(Stored data)
____________
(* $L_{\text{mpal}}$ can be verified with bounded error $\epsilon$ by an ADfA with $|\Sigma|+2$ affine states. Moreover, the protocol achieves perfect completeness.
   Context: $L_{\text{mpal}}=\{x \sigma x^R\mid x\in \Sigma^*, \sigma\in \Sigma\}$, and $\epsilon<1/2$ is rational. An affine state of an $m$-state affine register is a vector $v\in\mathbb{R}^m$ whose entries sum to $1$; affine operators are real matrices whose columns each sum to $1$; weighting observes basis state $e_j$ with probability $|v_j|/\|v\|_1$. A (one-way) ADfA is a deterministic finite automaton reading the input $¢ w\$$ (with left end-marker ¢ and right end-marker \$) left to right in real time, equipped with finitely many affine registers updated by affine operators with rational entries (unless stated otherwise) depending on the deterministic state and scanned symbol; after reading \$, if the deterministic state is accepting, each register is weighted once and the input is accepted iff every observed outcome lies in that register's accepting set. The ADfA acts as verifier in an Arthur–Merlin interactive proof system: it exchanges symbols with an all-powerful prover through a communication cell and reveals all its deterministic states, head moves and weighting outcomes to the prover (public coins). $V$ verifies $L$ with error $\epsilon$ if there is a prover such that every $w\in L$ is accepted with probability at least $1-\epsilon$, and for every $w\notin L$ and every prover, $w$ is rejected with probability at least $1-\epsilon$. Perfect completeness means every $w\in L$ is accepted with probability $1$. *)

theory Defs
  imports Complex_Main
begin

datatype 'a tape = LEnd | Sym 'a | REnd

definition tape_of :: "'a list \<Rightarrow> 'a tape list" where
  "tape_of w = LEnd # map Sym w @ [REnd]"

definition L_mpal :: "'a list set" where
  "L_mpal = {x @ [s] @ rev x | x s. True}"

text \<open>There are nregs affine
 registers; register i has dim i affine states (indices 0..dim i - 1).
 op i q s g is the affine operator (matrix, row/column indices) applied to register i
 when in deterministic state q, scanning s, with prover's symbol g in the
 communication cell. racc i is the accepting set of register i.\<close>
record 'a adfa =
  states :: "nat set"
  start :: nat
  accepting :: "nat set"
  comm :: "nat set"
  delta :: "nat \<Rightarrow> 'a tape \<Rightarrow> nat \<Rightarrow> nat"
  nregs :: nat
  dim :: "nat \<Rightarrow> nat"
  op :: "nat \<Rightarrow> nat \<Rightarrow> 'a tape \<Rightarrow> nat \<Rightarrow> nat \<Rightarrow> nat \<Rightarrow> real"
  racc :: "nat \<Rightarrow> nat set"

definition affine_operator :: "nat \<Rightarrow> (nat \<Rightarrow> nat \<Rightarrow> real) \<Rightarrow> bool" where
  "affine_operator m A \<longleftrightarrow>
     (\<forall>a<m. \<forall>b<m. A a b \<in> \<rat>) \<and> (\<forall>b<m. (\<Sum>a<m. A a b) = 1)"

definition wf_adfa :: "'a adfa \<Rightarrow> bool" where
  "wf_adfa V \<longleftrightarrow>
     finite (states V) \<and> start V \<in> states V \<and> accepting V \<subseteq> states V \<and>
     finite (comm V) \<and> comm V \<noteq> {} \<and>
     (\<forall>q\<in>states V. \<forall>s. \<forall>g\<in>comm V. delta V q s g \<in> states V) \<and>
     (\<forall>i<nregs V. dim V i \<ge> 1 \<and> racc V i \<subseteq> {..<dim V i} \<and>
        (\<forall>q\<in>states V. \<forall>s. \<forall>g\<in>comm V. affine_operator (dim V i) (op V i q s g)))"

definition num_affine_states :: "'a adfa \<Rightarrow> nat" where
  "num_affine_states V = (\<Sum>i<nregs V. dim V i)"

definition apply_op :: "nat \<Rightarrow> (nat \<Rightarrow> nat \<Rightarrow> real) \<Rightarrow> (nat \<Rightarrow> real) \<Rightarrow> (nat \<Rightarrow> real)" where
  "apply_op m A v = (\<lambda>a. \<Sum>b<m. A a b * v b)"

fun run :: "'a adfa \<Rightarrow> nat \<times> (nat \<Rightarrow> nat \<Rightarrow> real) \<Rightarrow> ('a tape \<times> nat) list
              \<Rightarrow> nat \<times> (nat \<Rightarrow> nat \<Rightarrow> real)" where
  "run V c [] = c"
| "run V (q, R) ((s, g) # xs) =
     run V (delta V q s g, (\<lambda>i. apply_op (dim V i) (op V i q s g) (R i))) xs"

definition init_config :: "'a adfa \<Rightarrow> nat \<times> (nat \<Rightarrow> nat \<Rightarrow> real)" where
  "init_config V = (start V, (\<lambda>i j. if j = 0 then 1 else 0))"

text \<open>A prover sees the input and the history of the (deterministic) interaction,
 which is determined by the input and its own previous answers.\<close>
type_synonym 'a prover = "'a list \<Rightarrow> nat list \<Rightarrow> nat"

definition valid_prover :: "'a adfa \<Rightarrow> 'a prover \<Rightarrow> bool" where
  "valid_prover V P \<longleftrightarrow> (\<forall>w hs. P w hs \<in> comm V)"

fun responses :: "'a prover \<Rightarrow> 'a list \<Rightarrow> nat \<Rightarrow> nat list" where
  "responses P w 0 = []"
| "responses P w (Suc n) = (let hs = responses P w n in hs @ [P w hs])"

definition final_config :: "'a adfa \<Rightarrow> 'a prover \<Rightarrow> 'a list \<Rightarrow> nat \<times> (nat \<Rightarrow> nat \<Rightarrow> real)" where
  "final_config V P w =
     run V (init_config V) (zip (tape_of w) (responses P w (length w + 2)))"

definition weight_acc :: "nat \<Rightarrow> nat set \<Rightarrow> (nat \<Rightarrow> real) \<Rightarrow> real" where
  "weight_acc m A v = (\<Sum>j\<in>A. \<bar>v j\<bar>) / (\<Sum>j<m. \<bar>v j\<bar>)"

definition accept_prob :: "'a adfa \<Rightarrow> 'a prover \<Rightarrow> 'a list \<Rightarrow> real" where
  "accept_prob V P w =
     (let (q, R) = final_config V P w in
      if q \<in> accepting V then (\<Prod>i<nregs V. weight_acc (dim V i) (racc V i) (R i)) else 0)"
____________
Would you copy, unchanged, the stretch of the records above that begins at the line containing "theory Defs" and ends at the line containing "start :: nat", and only that?

theory Defs
  imports Complex_Main
begin

datatype 'a tape = LEnd | Sym 'a | REnd

definition tape_of :: "'a list \<Rightarrow> 'a tape list" where
  "tape_of w = LEnd # map Sym w @ [REnd]"

definition L_mpal :: "'a list set" where
  "L_mpal = {x @ [s] @ rev x | x s. True}"

text \<open>There are nregs affine
 registers; register i has dim i affine states (indices 0..dim i - 1).
 op i q s g is the affine operator (matrix, row/column indices) applied to register i
 when in deterministic state q, scanning s, with prover's symbol g in the
 communication cell. racc i is the accepting set of register i.\<close>
record 'a adfa =
  states :: "nat set"
  start :: nat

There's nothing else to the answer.